Immunoregulation effects in vitro of the xenoprotein in combination with recombinant human granulocyte-macrophage colony stimulating factor and bacillus Calmette-Guerin.
- Author:
Ming-Li WANG
1
;
Zhi-Gang XIE
;
Han LU
;
Ming SHI
;
Mei-Ru HU
;
Ming YU
;
Yuan-Fang MA
;
Bei-Fen SHEN
;
Ning GUO
Author Information
1. Laboratory of Cytoimmunology, Institute of Basic Medical Sciences, Academy of Military Medical Sciences, Beijng 100850, China.
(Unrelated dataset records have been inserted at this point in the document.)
lemma local_geodesic_escape:
  fixes x :: "nat \<Rightarrow> 'a" and K :: real
  assumes x: "\<And>i. x i \<in> carrier G" and K: "0 \<le> K"
    and corner: "\<And>i. gp (x (Suc i)) (x i) (x (Suc (Suc i))) \<le> K"
    and long: "\<And>i. 2 * K + 2 * \<delta> < real (dst (x i) (x (Suc i)))"
  shows "gp (x m) (x 0) (x (Suc m)) \<le> K + \<delta> \<and>
    (\<Sum>i<Suc m. real (dst (x i) (x (Suc i))) - 2 * K - 2 * \<delta>) \<le> real (dst (x 0) (x (Suc m)))"
  \<comment> \<open>the first conjunct is the induction invariant\<close>
proof (induction m)
  case 0
  show ?case
    using K delta_nonneg x[of 0] by (simp add: gromov_product_def)
next
  case (Suc m)
  define a b c z where "a = x m" and "b = x (Suc m)" and "c = x (Suc (Suc m))" and "z = x 0"
  have abcz: "a \<in> carrier G" "b \<in> carrier G" "c \<in> carrier G" "z \<in> carrier G"
    unfolding a_def b_def c_def z_def using x by auto
  note dists = word_dist_commute[OF abcz(1,2)] word_dist_commute[OF abcz(1,4)]
    word_dist_commute[OF abcz(2,4)] word_dist_commute[OF abcz(3,4)] word_dist_commute[OF abcz(2,3)]
  \<comment> \<open>\<open>(a|z)_b + (z|b)_a = d(a,b)\<close>, and the latter is small by induction\<close>
  have "K + \<delta> < gp b a z"
    using Suc.IH long[of m] dists unfolding a_def[symmetric] b_def[symmetric] z_def[symmetric]
    by (simp add: gromov_product_def)
  then have "gp b c z \<le> K + \<delta>"
    using four_point[OF abcz(2,1,3,4)] corner[of m] unfolding a_def b_def c_def by linarith
  then have "gp b z c \<le> K + \<delta>"
    using gromov_product_commute abcz by simp
  then show ?case
    using Suc.IH dists unfolding a_def b_def c_def z_def by (simp add: gromov_product_def)
qed

lemma transl_length_ge_periodic:
  fixes c :: "nat \<Rightarrow> 'a" and K :: real
  assumes c: "\<And>i. c i \<in> carrier G" and periodic: "\<And>i. c (i + n) = c i" and n: "0 < n"
    and K: "0 \<le> K"
    and corner: "\<And>i. gp \<one> (inv (c i)) (c (Suc i)) \<le> K"
    and long: "\<And>i. 2 * K + 2 * \<delta> < real (len (c i))"
  shows "(\<Sum>i<n. real (len (c i))) - 2 * real n * (K + \<delta>) - 1
    \<le> real (transl_length G S (partial_prod G c n))"
proof -
  define x where "x = partial_prod G c"
  have x: "x i \<in> carrier G" for i
    unfolding x_def using c by (rule partial_prod_closed)
  have segment: "dst (x i) (x (Suc i)) = len (c i)" for i
    unfolding x_def using c by (rule word_dist_partial_prod_Suc)
  have corner_x: "gp (x (Suc i)) (x i) (x (Suc (Suc i))) \<le> K" for i
    unfolding x_def gromov_product_partial_prod_corner[OF c] by (rule corner)
  define L where "L = (\<Sum>i<n. real (len (c i)) - 2 * K - 2 * \<delta>)"
  have "real k * L \<le> real (len (x n [^] k))" for k
  proof (cases k)
    case (Suc k')
    then obtain m where m: "k * n = Suc m"
      using n by (metis mult_eq_0_iff not0_implies_Suc not_gr_zero)
    have "real k * L = (\<Sum>i<k * n. real (dst (x i) (x (Suc i))) - 2 * K - 2 * \<delta>)"
      unfolding L_def segment
      by (rule sym, rule sum_lessThan_periodic) (simp add: periodic)
    also have "\<dots> \<le> real (dst (x 0) (x (k * n)))"
      unfolding m using local_geodesic_escape[of x K m] x K corner_x long segment by simp
    also have "x (k * n) = x n [^] k"
      unfolding x_def using c periodic by (rule partial_prod_periodic)
    finally show ?thesis
      using x by (simp add: x_def)
  qed simp
  then have "L - 1 \<le> real (transl_length G S (x n))"
    using x by (intro transl_length_ge_of_escape)
  then show ?thesis
    unfolding L_def x_def by (simp add: sum_subtractf algebra_simps)
qed

lemma commutator_transl_length_ge:
  fixes K :: real
  assumes g: "g \<in> carrier G" and h: "h \<in> carrier G" and K: "0 \<le> K"
    and transverse: "\<forall>y\<in>{h, inv h}. \<forall>z\<in>{g, inv g}. gp \<one> y z \<le> K"
    and long: "2 * K + 2 * \<delta> < real (len g)" "2 * K + 2 * \<delta> < real (len h)"
  shows "2 * real (len g) + 2 * real (len h) - 8 * (K + \<delta>) - 1
    \<le> real (transl_length G S (commutator G g h))"
proof -
  let ?c = "commutator_letter G g h"
  have "?c i \<in> carrier G" "2 * K + 2 * \<delta> < real (len (?c i))" for i
    using commutator_letter_cases[of G g h i] g h long by auto
  then have "(\<Sum>i<4. real (len (?c i))) - 2 * real (4::nat) * (K + \<delta>) - 1
      \<le> real (transl_length G S (partial_prod G ?c 4))"
    using K gromov_product_commutator_corner[OF g h transverse]
    by (intro transl_length_ge_periodic) (simp_all add: commutator_letter_periodic)
  moreover have "(\<Sum>i<4. real (len (?c i))) = 2 * real (len g) + 2 * real (len h)"
    using g h by (simp add: eval_nat_numeral commutator_letter_0123)
  ultimately show ?thesis
    using partial_prod_commutator_letter[OF g h] by simp
qed

end

lemma (in fg_group) exists_hyperbolic_fg_group:
  assumes "hyperbolic_group G S"
  shows "\<exists>\<delta>. hyperbolic_fg_group G S \<delta>"
proof -
  obtain \<delta> where "0 \<le> \<delta>" and "\<forall>w\<in>carrier G. \<forall>x\<in>carrier G. \<forall>y\<in>carrier G. \<forall>z\<in>carrier G.
      min (gp w x z) (gp w y z) - \<delta> \<le> gp w x y"
    using assms unfolding hyperbolic_group_def by blast
  then have "hyperbolic_fg_group G S \<delta>"
    by (intro hyperbolic_fg_group.intro hyperbolic_fg_group_axioms.intro fg_group_axioms) auto
  then show ?thesis ..
qed

section \<open>Exponential growth from a free subgroup\<close>

lemma reduced_word_const: "reduced_word (map (\<lambda>l. (l, e)) ls)"
proof (induction ls)
  case (Cons l ls)
  then show ?case
    by (cases ls) auto
qed simp

lemma reduced_word_inv_append_pos:
  assumes "last (x # xs) \<noteq> y"
  shows "reduced_word (map (\<lambda>l. (l, True)) (x # xs) @ map (\<lambda>l. (l, False)) (y # ys))"
  using assms
proof (induction xs arbitrary: x)
  case Nil
  then show ?case
    using reduced_word_const[of False "y # ys"] by simp
next
  case (Cons x' xs)
  then show ?case
    by simp
qed

definition pos_word :: "('a, 'b) monoid_scheme \<Rightarrow> 'a \<Rightarrow> 'a \<Rightarrow> bool list \<Rightarrow> 'a" where
  "pos_word G a b u = word_eval G (map (\<lambda>l. if l then b else a) u)"

context group
begin

lemma pos_word_Cons: "pos_word G a b (l # u) = (if l then b else a) \<otimes> pos_word G a b u"
  by (simp add: pos_word_def)

lemma pos_word_closed: "a \<in> carrier G \<Longrightarrow> b \<in> carrier G \<Longrightarrow> pos_word G a b u \<in> carrier G"
  unfolding pos_word_def by (rule word_eval_closed) auto

lemma word_eval_inv_append_pos:
  assumes "a \<in> carrier G" "b \<in> carrier G"
  shows "word_eval G (map (letter_eval G a b) (map (\<lambda>l. (l, True)) (rev u) @ map (\<lambda>l. (l, False)) v))
     = inv (pos_word G a b u) \<otimes> pos_word G a b v"
proof -
  let ?u = "map (\<lambda>l. if l then b else a) u" and ?v = "map (\<lambda>l. if l then b else a) v"
  have inv_part: "map (letter_eval G a b) (map (\<lambda>l. (l, True)) (rev u)) = map (\<lambda>x. inv x) (rev ?u)"
    by (simp add: rev_map)
  have pos_part: "map (letter_eval G a b) (map (\<lambda>l. (l, False)) v) = ?v"
    by simp
  have closed: "set ?u \<subseteq> carrier G" "set (map (\<lambda>x. inv x) (rev ?u)) \<subseteq> carrier G" "set ?v \<subseteq> carrier G"
    using assms by auto
  show ?thesis
    unfolding map_append inv_part pos_part word_eval_append[OF closed(2,3)] word_eval_rev_inv[OF closed(1)]
    by (simp add: pos_word_def)
qed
- Publication Type:Journal Article
- MeSH:
Animals;
BCG Vaccine;
immunology;
CHO Cells;
Cricetinae;
Cricetulus;
Granulocyte-Macrophage Colony-Stimulating Factor;
immunology;
Humans;
Interleukin-10;
metabolism;
Interleukin-12;
metabolism;
Rats;
Recombinant Proteins;
immunology;
Th1 Cells;
immunology;
Th2 Cells;
immunology
- From:
Journal of Experimental Hematology
2008;16(6):1408-1412
- CountryChina
- Language:Chinese
-
Abstract:
This study was aimed to investigate the effects of xenogeneic antigen neu-Fc in combination with the recombinant human granulocyte-macrophage colony stimulating factor (GM-CSF) and Bacillus Calmette-Guerin (BCG) on the regulation of Th1 and Th2 immune response in vitro. The rat neu L2-S2 domain was engineered as a chimeric protein with human IgG Fc. The eukaryotic expression vector was constructed. The recombinant protein was stably expressed in CHO cells and purified by rProtein A Sepharose Fast Flow column. The recombinant protein was identified by SDS-PAGE and Western blot. Peripheral blood mononuclear cells (PBMNCs) were obtained by means of standard Ficoll separation from the blood of healthy donors. Neu-Fc-induced PBMNC proliferation was tested by MTT. The production of IL-12 and IL-10 was measured by ELISA. The results showed that the level of IL-12 decreased and IL-10 increased after PBMNCs were incubated with MCF-7 cultural supernatant. 10 nmol/L neu-Fc strongly induced the cell proliferation. Compared with neu-Fc or GM-CSF or BCG treatment alone, neu-Fc in combination with GM-CSF and BCG significantly stimulated IL-12 production and inhibited IL-10 production (p < 0.01). It is concluded that the neu-Fc can stimulate the proliferation activity of PBMNCs. neu-Fc, GM-CSF and BCG costimulation efficiently induces Th1 immune response.